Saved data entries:
--------------------------------------------------

theorem mainTheorem19:
  fixes T :: real and p :: nat
    and M :: "real^'ny \<Rightarrow> real^'ny \<Rightarrow> real"
    and b :: "real^'ny \<Rightarrow> real^'ny \<Rightarrow> real^'nb"
    and f1 :: "real^'ny \<Rightarrow> real^'nu \<Rightarrow> real \<Rightarrow> real^'ny"
    and f2 :: "real^'ny \<Rightarrow> real^'nu \<Rightarrow> real \<Rightarrow> real^'nc"
    and yL yR :: "real^'ny" and uL uR :: "real^'nu"
    and ys :: "real \<Rightarrow> real^'ny" and us :: "real \<Rightarrow> real^'nu"
    and samp :: "(nat \<Rightarrow> real) \<Rightarrow> nat \<Rightarrow> real set"
    and mesh :: "real \<Rightarrow> nat \<Rightarrow> real" and Nm :: "real \<Rightarrow> nat"
    and yh :: "real \<Rightarrow> real \<Rightarrow> real^'ny" and uh :: "real \<Rightarrow> real \<Rightarrow> real^'nu"
    and h0 eta Ceta lam Clam eps :: real
  assumes T_pos: "T > 0" and p_pos: "p \<ge> 1"
    and yLR: "\<forall>i. yL $ i \<le> yR $ i" and uLR: "\<forall>j. uL $ j \<le> uR $ j"
    and minim: "local_minimizer T M b f1 f2 yL yR uL uR ys us"
    \<comment> \<open>Approximability, with (yh h, uh h) the fixed approximating pair for mesh width h\<close>
    and h0_pos: "h0 > 0" and eta_pos: "eta > 0" and Ceta_pos: "Ceta > 0"
    and mesh_ok: "\<forall>h. 0 < h \<and> h \<le> h0 \<longrightarrow> is_mesh T (mesh h) (Nm h) \<and> mesh_width (mesh h) (Nm h) = h"
    and approx_B: "\<forall>h. 0 < h \<and> h \<le> h0 \<longrightarrow> in_Bhp T samp (mesh h) (Nm h) p yL yR uL uR (yh h) (uh h)"
    and approx_dist: "\<forall>h. 0 < h \<and> h \<le> h0 \<longrightarrow> X_close T ys us (yh h) (uh h) (Ceta * h powr eta)"
    \<comment> \<open>(A.3)\<close>
    and lam_range: "0 < lam \<and> lam \<le> 1" and Clam_pos: "Clam > 0" and eps_pos: "eps > 0"
    and M_holder: "\<forall>v0 vT. norm (ys 0 - v0, ys T - vT) \<le> eps \<longrightarrow>
        \<bar>M (ys 0) (ys T) - M v0 vT\<bar> \<le> Clam * norm (ys 0 - v0, ys T - vT) powr lam"
    and b_holder: "\<forall>v0 vT. norm (ys 0 - v0, ys T - vT) \<le> eps \<longrightarrow>
        norm (b (ys 0) (ys T) - b v0 vT) \<le> Clam * norm (ys 0 - v0, ys T - vT) powr lam"
    and f_holder: "\<forall>t\<in>{0..T}. \<forall>v w. norm (ys t - v, us t - w) \<le> eps \<longrightarrow>
        norm (f1 (ys t) (us t) t - f1 v w t, f2 (ys t) (us t) t - f2 v w t)
          \<le> Clam * norm (ys t - v, us t - w) powr lam"
  shows "\<exists>C>0. \<exists>h1>0. \<forall>h. 0 < h \<and> h \<le> h1 \<longrightarrow>
     (\<forall>yd. weak_deriv_on T (yh h) yd \<longrightarrow>
        (\<integral>\<^sup>+ t\<in>{0..T}. ennreal ((norm (f1 (yh h t) (uh h t) t - yd t, f2 (yh h t) (uh h t) t))\<^sup>2) \<partial>lebesgue)
          \<le> ennreal (C * h powr (2 * lam * eta)))"
proof -
  define K where "K = sqrt DIM((real^'ny) \<times> (real^'nu))"
  define C where "C = 2 * T * (Clam * (2 * K * Ceta) powr lam)\<^sup>2 + 2 * Ceta\<^sup>2"
  define h1 where "h1 = min (min h0 1) ((eps / (2 * K * Ceta)) powr (1 / eta))"
  have K: "K > 0"
    by (simp add: K_def add_pos_nonneg)
  have feasible: "feasible T b f1 f2 yL yR uL uR ys us"
    using minim by (simp add: local_minimizer_def)
  show ?thesis
  proof (rule exI[of _ C], intro conjI exI[of _ h1] allI impI)
    show "C > 0" "h1 > 0"
      using T_pos Ceta_pos K eps_pos h0_pos by (simp_all add: C_def h1_def add_nonneg_pos)
    fix h yd assume h: "0 < h \<and> h \<le> h1" and yd: "weak_deriv_on T (yh h) yd"
    have h0: "h \<le> h0" "h \<le> 1" and "h powr eta \<le> eps / (2 * K * Ceta)"
      using h eta_pos eps_pos K Ceta_pos by (auto simp: h1_def intro: powr_le_if_le_root)
    then have "2 * K * (Ceta * h powr eta) \<le> eps"
      using K Ceta_pos by (simp add: field_simps)
    then have "(\<integral>\<^sup>+ t\<in>{0..T}. ennreal ((norm (f1 (yh h t) (uh h t) t - yd t, f2 (yh h t) (uh h t) t))\<^sup>2) \<partial>lebesgue)
        \<le> ennreal (2 * T * (Clam * (2 * K * (Ceta * h powr eta)) powr lam)\<^sup>2 + 2 * (Ceta * h powr eta)\<^sup>2)"
      using mesh_ok approx_B approx_dist h h0 T_pos lam_range Clam_pos Ceta_pos unfolding K_def
      by (intro approximant_residual_le[OF T_pos feasible f_holder _ _ _ _ _ _ _ yd])
        (auto simp: in_Bhp_def)
    also have "\<dots> \<le> ennreal (C * h powr (2 * lam * eta))"
      using rate_bound[of h lam eta "2 * K * Ceta" T Clam Ceta] h h0 lam_range eta_pos K Ceta_pos T_pos
      by (intro ennreal_leI) (simp add: C_def mult.assoc)
    finally show "(\<integral>\<^sup>+ t\<in>{0..T}. ennreal ((norm (f1 (yh h t) (uh h t) t - yd t, f2 (yh h t) (uh h t) t))\<^sup>2) \<partial>lebesgue)
        \<le> ennreal (C * h powr (2 * lam * eta))" .
  qed
qed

--------------------------------------------------

All lines in the records that contain "samp" are to be copied and returned.

    and samp :: "(nat \<Rightarrow> real) \<Rightarrow> nat \<Rightarrow> real set"
    and approx_B: "\<forall>h. 0 < h \<and> h \<le> h0 \<longrightarrow> in_Bhp T samp (mesh h) (Nm h) p yL yR uL uR (yh h) (uh h)"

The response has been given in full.